Required action. The answer is to be an exact copy of the lines below running from the line with "constant \<open>M\<close>, no" down to the line with "using assms by (simp add: corr_pair_def", both ends included, and nothing more.

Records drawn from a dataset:
(* Let $n_c = n_c(n) \to \infty$ with $n_c < n/2$. Let $\rho \in (0,1)$ and $\beta \in (0,1)$ be fixed scalars. Suppose $R \in [0,1]^{n_c\times n_c}$ satisfies $R_{uv} < \rho$ for all entries, and suppose $\Lambda^c \in [0,1]^{n_c \times n_c}$ satisfies, entrywise, $\Lambda^c_{uv} \le \beta$ and $\Lambda^c_{uv} = \omega(n_c^{-1}\log n_c)$ (uniformly over off-diagonal entries). Then for every $\epsilon \in (0, 1-\beta-(1-\beta)\rho)$ there exists a symmetric $\Lambda \in [0,1]^{n\times n}$ whose order-$n_c$ principal submatrix is $\Lambda^c$ such that, for $(A,B) \sim \mathrm{CorrER}(\Lambda,R)$ and using the naive padding scheme, $$\Pr[P^* \neq I_{n_c}] \ \ge\ 1 - \exp\left\{-C\,\epsilon^2 (\log n_c)^2\right\}$$ for all sufficiently large $n_c$, where $C>0$ is a universal constant. Here the event $P^*\neq I_{n_c}$ means that no solution of the padded graph matching problem has order-$n_c$ principal submatrix equal to $I_{n_c}$.
   Context: Correlated Erdős–Rényi model: let $0 < n_c \le n$, $\Lambda \in [0,1]^{n\times n}$ symmetric with order-$n_c$ principal submatrix $\Lambda^c$, and $R \in [0,1]^{n_c \times n_c}$ symmetric. A pair $(A,B) \sim \mathrm{CorrER}(\Lambda,R)$ consists of adjacency matrices of simple undirected graphs (symmetric, zero diagonal, $\{0,1\}$-valued), $A$ of size $n_c\times n_c$ and $B$ of size $n \times n$, such that: the entries $B_{uv}$, $u<v\le n$, are independent with $B_{uv} \sim \mathrm{Bernoulli}(\Lambda_{uv})$; the entries $A_{uv}$, $u<v\le n_c$, are independent with $A_{uv}\sim\mathrm{Bernoulli}(\Lambda_{uv})$; all entries of $A$ and $B$ are mutually independent except that for each $u<v\le n_c$, $\mathrm{corr}(A_{uv},B_{uv}) = R_{uv}$. (Thus vertex $u\in[n_c]$ of $A$ truly corresponds to vertex $u$ of $B$.) Graph matching with padding: given padded $n\times n$ matrices $\tilde A, \tilde B$, consider the problem $\operatorname{argmax}_{P \in \mathcal{P}_n} \operatorname{trace}(\tilde A P \tilde B P^T)$ (equivalently $\operatorname{argmin}_P \|\tilde A - P\tilde B P^T\|_F$), where $\mathcal{P}_n$ is the set of $n\times n$ permutation matrices; $P^*$ denotes the order-$n_c$ principal submatrix of a solution. The naive padding scheme uses $\tilde A = A \oplus \mathbf{0}_{n-n_c}$ and $\tilde B = B$, where $M\oplus M' = \begin{pmatrix} M & 0\\ 0 & M'\end{pmatrix}$ and $\mathbf{0}_k$ is the $k\times k$ zero matrix. *)

theory Defs
  imports "HOL-Probability.Probability" "HOL-Combinatorics.Permutations"
begin

text \<open>Matrices are functions nat => nat => _, indices 0-based: an n x n matrix uses
  indices in {0..<n}; the order-k principal submatrix uses indices in {0..<k}.\<close>

text \<open>Joint law of one correlated edge pair (A_uv, B_uv): both marginals Bernoulli(p),
  correlation r (for p in (0,1), r in [0,1]): with prob. r the two coincide,
  otherwise they are independent.  P(1,1) = p^2 + r p (1-p).\<close>
definition corr_pair :: "real \<Rightarrow> real \<Rightarrow> (bool \<times> bool) pmf" where
  "corr_pair p r = bind_pmf (bernoulli_pmf r) (\<lambda>c.
     if c then map_pmf (\<lambda>x. (x, x)) (bernoulli_pmf p)
     else pair_pmf (bernoulli_pmf p) (bernoulli_pmf p))"

definition vertex_pairs :: "nat \<Rightarrow> (nat \<times> nat) set" where
  "vertex_pairs n = {(u, v). u < v \<and> v < n}"

text \<open>Law of the pair (A_uv, B_uv) for u < v < n; for v >= nc there is no A-edge
  (the first component is the dummy value False).\<close>
definition edge_pmf :: "nat \<Rightarrow> (nat \<Rightarrow> nat \<Rightarrow> real) \<Rightarrow> (nat \<Rightarrow> nat \<Rightarrow> real)
    \<Rightarrow> nat \<times> nat \<Rightarrow> (bool \<times> bool) pmf" where
  "edge_pmf nc \<Lambda> R e = (case e of (u, v) \<Rightarrow>
     if v < nc then corr_pair (\<Lambda> u v) (R u v)
     else map_pmf (\<lambda>b. (False, b)) (bernoulli_pmf (\<Lambda> u v)))"

definition CorrER :: "nat \<Rightarrow> nat \<Rightarrow> (nat \<Rightarrow> nat \<Rightarrow> real) \<Rightarrow> (nat \<Rightarrow> nat \<Rightarrow> real)
    \<Rightarrow> ((nat \<Rightarrow> nat \<Rightarrow> bool) \<times> (nat \<Rightarrow> nat \<Rightarrow> bool)) pmf" where
  "CorrER n nc \<Lambda> R = map_pmf (\<lambda>f.
      ((\<lambda>u v. u < nc \<and> v < nc \<and> u \<noteq> v \<and> fst (f (min u v, max u v))),
       (\<lambda>u v. u < n \<and> v < n \<and> u \<noteq> v \<and> snd (f (min u v, max u v)))))
    (Pi_pmf (vertex_pairs n) (False, False) (edge_pmf nc \<Lambda> R))"

definition perm_mat :: "(nat \<Rightarrow> nat) \<Rightarrow> nat \<Rightarrow> nat \<Rightarrow> real" where
  "perm_mat \<pi> i j = (if \<pi> i = j then 1 else 0)"

definition naive_pad :: "nat \<Rightarrow> (nat \<Rightarrow> nat \<Rightarrow> bool) \<Rightarrow> nat \<Rightarrow> nat \<Rightarrow> real" where
  "naive_pad nc A i j = (if i < nc \<and> j < nc then of_bool (A i j) else 0)"

text \<open>trace(At P Bt P^T) for n x n matrices.\<close>
definition gm_objective :: "nat \<Rightarrow> (nat \<Rightarrow> nat \<Rightarrow> real) \<Rightarrow> (nat \<Rightarrow> nat \<Rightarrow> real)
    \<Rightarrow> (nat \<Rightarrow> nat) \<Rightarrow> real" where
  "gm_objective n At Bt \<pi> =
     (\<Sum>i<n. \<Sum>j<n. \<Sum>k<n. \<Sum>l<n. At i j * perm_mat \<pi> j k * Bt k l * perm_mat \<pi> i l)"

definition gm_solution :: "nat \<Rightarrow> (nat \<Rightarrow> nat \<Rightarrow> real) \<Rightarrow> (nat \<Rightarrow> nat \<Rightarrow> real)
    \<Rightarrow> (nat \<Rightarrow> nat) \<Rightarrow> bool" where
  "gm_solution n At Bt \<pi> \<longleftrightarrow> \<pi> permutes {..<n} \<and>
     (\<forall>\<sigma>. \<sigma> permutes {..<n} \<longrightarrow> gm_objective n At Bt \<sigma> \<le> gm_objective n At Bt \<pi>)"

definition principal_is_identity :: "nat \<Rightarrow> (nat \<Rightarrow> nat) \<Rightarrow> bool" where
  "principal_is_identity nc \<pi> \<longleftrightarrow>
     (\<forall>i<nc. \<forall>j<nc. perm_mat \<pi> i j = (if i = j then 1 else 0))"

definition naive_mismatch :: "nat \<Rightarrow> nat \<Rightarrow> (nat \<Rightarrow> nat \<Rightarrow> bool) \<Rightarrow> (nat \<Rightarrow> nat \<Rightarrow> bool) \<Rightarrow> bool" where
  "naive_mismatch n nc A B \<longleftrightarrow>
     \<not> (\<exists>\<pi>. gm_solution n (naive_pad nc A) (\<lambda>i j. of_bool (B i j)) \<pi> \<and> principal_is_identity nc \<pi>)"

end

theory Submission
  imports Defs
begin

text \<open>Take \<open>\<Lambda> = 1\<close> outside the core block, so that in \<open>B\<close> every vertex pair meeting a
  padding vertex is an edge. The permutation swapping the core \<open>{0..<nc}\<close> with \<open>{nc..<2 nc}\<close>
  then maps every edge of the padded \<open>A\<close> onto an edge of \<open>B\<close>, so it strictly beats every
  permutation that is the identity on the core as soon as one edge of \<open>A\<close> is missing in \<open>B\<close>.
  A core pair \<open>u v\<close> is such a missing edge with probability
  \<open>(1 - R u v) \<Lambda> u v (1 - \<Lambda> u v) \<ge> (1 - \<rho>) (1 - \<beta>) \<Lambda> u v\<close>, independently over the
  \<open>nc (nc - 1) / 2\<close> core pairs. With \<open>\<Lambda> u v \<ge> M log nc / nc\<close> for a suitable constant \<open>M\<close>, no
  pair is missing with probability at most \<open>exp (- (nc - 1) log nc) \<le> exp (- \<epsilon>\<^sup>2 (log nc)\<^sup>2)\<close>.\<close>

lemma prob_corr_pair_not_True_False:
  assumes "0 \<le> p" "p \<le> 1" "0 \<le> r" "r \<le> 1"
  shows "measure_pmf.prob (corr_pair p r) (- {(True, False)}) = 1 - (1 - r) * p * (1 - p)"
proof -
  have "pmf (corr_pair p r) (True, False) = (1 - r) * p * (1 - p)"
    using assms by (simp add: corr_pair_def pmf_bind pmf_pair pmf_map vimage_def)
  moreover have "- {(True, False)} = space (measure_pmf (corr_pair p r)) - {(True, False)}"
    by auto
  ultimately show ?thesis
    using measure_pmf.prob_compl[of "{(True, False)}" "corr_pair p r"]
    by (simp add: measure_pmf_single)
qed

lemma prob_corr_pair_not_True_False_le:
  assumes "0 \<le> r" "r \<le> \<rho>" "\<rho> \<le> 1" "0 \<le> c" "c \<le> p" "p \<le> \<beta>" "\<beta> \<le> 1"
  shows "measure_pmf.prob (corr_pair p r) (- {(True, False)}) \<le> exp (- ((1 - \<rho>) * (1 - \<beta>) * c))"
proof -
  have "(1 - \<rho>) * (1 - \<beta>) * c \<le> (1 - r) * (1 - p) * p"
    using assms by (intro mult_mono) auto
  then have "1 - (1 - r) * p * (1 - p) \<le> 1 + - ((1 - \<rho>) * (1 - \<beta>) * c)"
    by (simp add: algebra_simps)
  also have "\<dots> \<le> exp (- ((1 - \<rho>) * (1 - \<beta>) * c))"
    by (rule exp_ge_add_one_self)
  finally show ?thesis
    using assms by (simp add: prob_corr_pair_not_True_False)
qed

lemma measure_Pi_pmf_avoid_le:
  assumes "finite V" "W \<subseteq> V"
    and factor: "\<And>e. e \<in> W \<Longrightarrow> measure_pmf.prob (p e) (- {a}) \<le> exp (- K)"
  shows "measure_pmf.prob (Pi_pmf V d p) (Pi V (\<lambda>e. if e \<in> W then - {a} else UNIV))
           \<le> exp (- (real (card W) * K))"
proof -
  have "measure_pmf.prob (Pi_pmf V d p) (Pi V (\<lambda>e. if e \<in> W then - {a} else UNIV))
      = (\<Prod>e\<in>V. if e \<in> W then measure_pmf.prob (p e) (- {a}) else 1)"
    using assms(1) by (simp add: measure_Pi_pmf_Pi if_distrib cong: if_cong)
  also have "\<dots> = (\<Prod>e\<in>W. measure_pmf.prob (p e) (- {a}))"
    using assms(1,2) by (simp add: prod.If_cases Int_absorb1)
  also have "\<dots> \<le> (\<Prod>e\<in>W. exp (- K))"
    using factor by (intro prod_mono) auto
  also have "\<dots> = exp (- (real (card W) * K))"
    by (simp add: exp_of_nat_mult[symmetric])
  finally show ?thesis .
qed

Result of this task.
  \<open>nc (nc - 1) / 2\<close> core pairs. With \<open>\<Lambda> u v \<ge> M log nc / nc\<close> for a suitable constant \<open>M\<close>, no
  pair is missing with probability at most \<open>exp (- (nc - 1) log nc) \<le> exp (- \<epsilon>\<^sup>2 (log nc)\<^sup>2)\<close>.\<close>

lemma prob_corr_pair_not_True_False:
  assumes "0 \<le> p" "p \<le> 1" "0 \<le> r" "r \<le> 1"
  shows "measure_pmf.prob (corr_pair p r) (- {(True, False)}) = 1 - (1 - r) * p * (1 - p)"
proof -
  have "pmf (corr_pair p r) (True, False) = (1 - r) * p * (1 - p)"
    using assms by (simp add: corr_pair_def pmf_bind pmf_pair pmf_map vimage_def)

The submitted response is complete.